The whole purpose of this blog was to tell the tale of my great adventure, and it was intended to be great.  Interesting encounters, epiphanies, revolutions of the mind, body and spirit, or perhaps even political revolutions and revolutionaries would be among the stories told. Instead, I bore myself by my writing which must mean that this blog must be boring to anyone who may care to read.  (Yes, I understand that I am my own worst critic.)  That makes me know that my adventure has gone array, as it revered the same purpose as my blog. And I can trace it back to fear. Fear of not knowing how I was going to eat next month when instarted running out of money, fear of the storm, fear of solitude, fear of self-reflection. I let these fears and a series of obstacles, some big and some minor ones, overcome me. So I fell into what was comfortable. Comfortable is boring. It's worse than that, in fact. It's uninspiring. I came on this trip to be inspired. I came on this trip to be inspired, mostly, by...myself.

I quit writing around the time I quit being inspired.  I should have quit even before that, but I felt this obligation, this promise I had made to myself and others about writing.  I could write about more of the people I've met because they are interesting people and I have been inspired in their abilities to overcome tragedy, but somehow their tragic stories full of resiliency seem off-limits. So I am left speechless. Or blogless in this case. I could give you a great rundown on the state of Carlo's bakery and what kind of cakes the Cake Boss is making in Hoboken, NJ this week. Unfortunately, that's about it. I haven't even seen a cute surfer boy to literal drool over.

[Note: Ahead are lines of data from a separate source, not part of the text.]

lemma path_take_covers:
  assumes "finite W" "W \<noteq> {}" "W \<subseteq> pnodes \<pi>"
  obtains N where "valid_idx \<pi> N" "at \<pi> N \<in> W" "W \<subseteq> set (path_take (Suc N) \<pi>)"
proof
  define N where "N = Max (first_idx \<pi> ` W)"
  obtain w where "w \<in> W" "N = first_idx \<pi> w"
    unfolding N_def using Max_in assms(1,2) by blast
  then show "valid_idx \<pi> N" "at \<pi> N \<in> W"
    using first_idx_in[of w \<pi>] assms(3) by auto
  have "w' \<in> set (path_take (Suc N) \<pi>)" if "w' \<in> W" for w'
  proof -
    have "first_idx \<pi> w' \<le> N"
      unfolding N_def using that assms(1) by simp
    then show ?thesis
      using first_idx_in[of w' \<pi>] that assms(3) unfolding path_take_def
      by (auto simp del: upt_Suc intro!: image_eqI[where x = "first_idx \<pi> w'"])
  qed
  then show "W \<subseteq> set (path_take (Suc N) \<pi>)" ..
qed

definition interval_edges :: "'a set \<Rightarrow> ('a \<times> 'a) set \<Rightarrow> 'a set \<Rightarrow> ('a \<times> 'a) set" where
  "interval_edges V E U = {(x, y). \<exists>xs. interval V E U xs x y}"

lemma Ap_edges_eq_interval_edges: "Ap_edges V E p = interval_edges V E (Vp V E p)"
  unfolding Ap_edges_def interval_edges_def ..

lemma interval_edges_subset: "interval_edges V E U \<subseteq> U \<times> U"
  unfolding interval_edges_def interval_def by auto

So, that's it. I've decided to come home at the end of the month. If there's one thing that inspires me, it's West Virginia in the Fall. Don't get me wrong, I miss my family and my friends, but right now, above all else, I really miss the leaves. They inspire me. Next to work and obsessing over my flaws, it consumes my thoughts. Don't worry, this doesn't mean my journey is coming to an end...in fact, it's just beginning. Or starting over.  Or continuing.  It's taking a different direction.  I do not plan on staying home for long, but then again, I threw planning out the window when I made the decision to venture out of my comfort zone, so who knows what the future holds.

So give me my ten hail Mary's and let me be on my merry way. Once you confess and repent, you're through, right? Isn't that how it works?

Anybody know how to hail Mary?  

Crap. There's another roadblock.

Hey wait, is that a hottie surfer boy I see?  :-)

(Rhetorical PS to self:  Why do all the surfers have to be white boys?)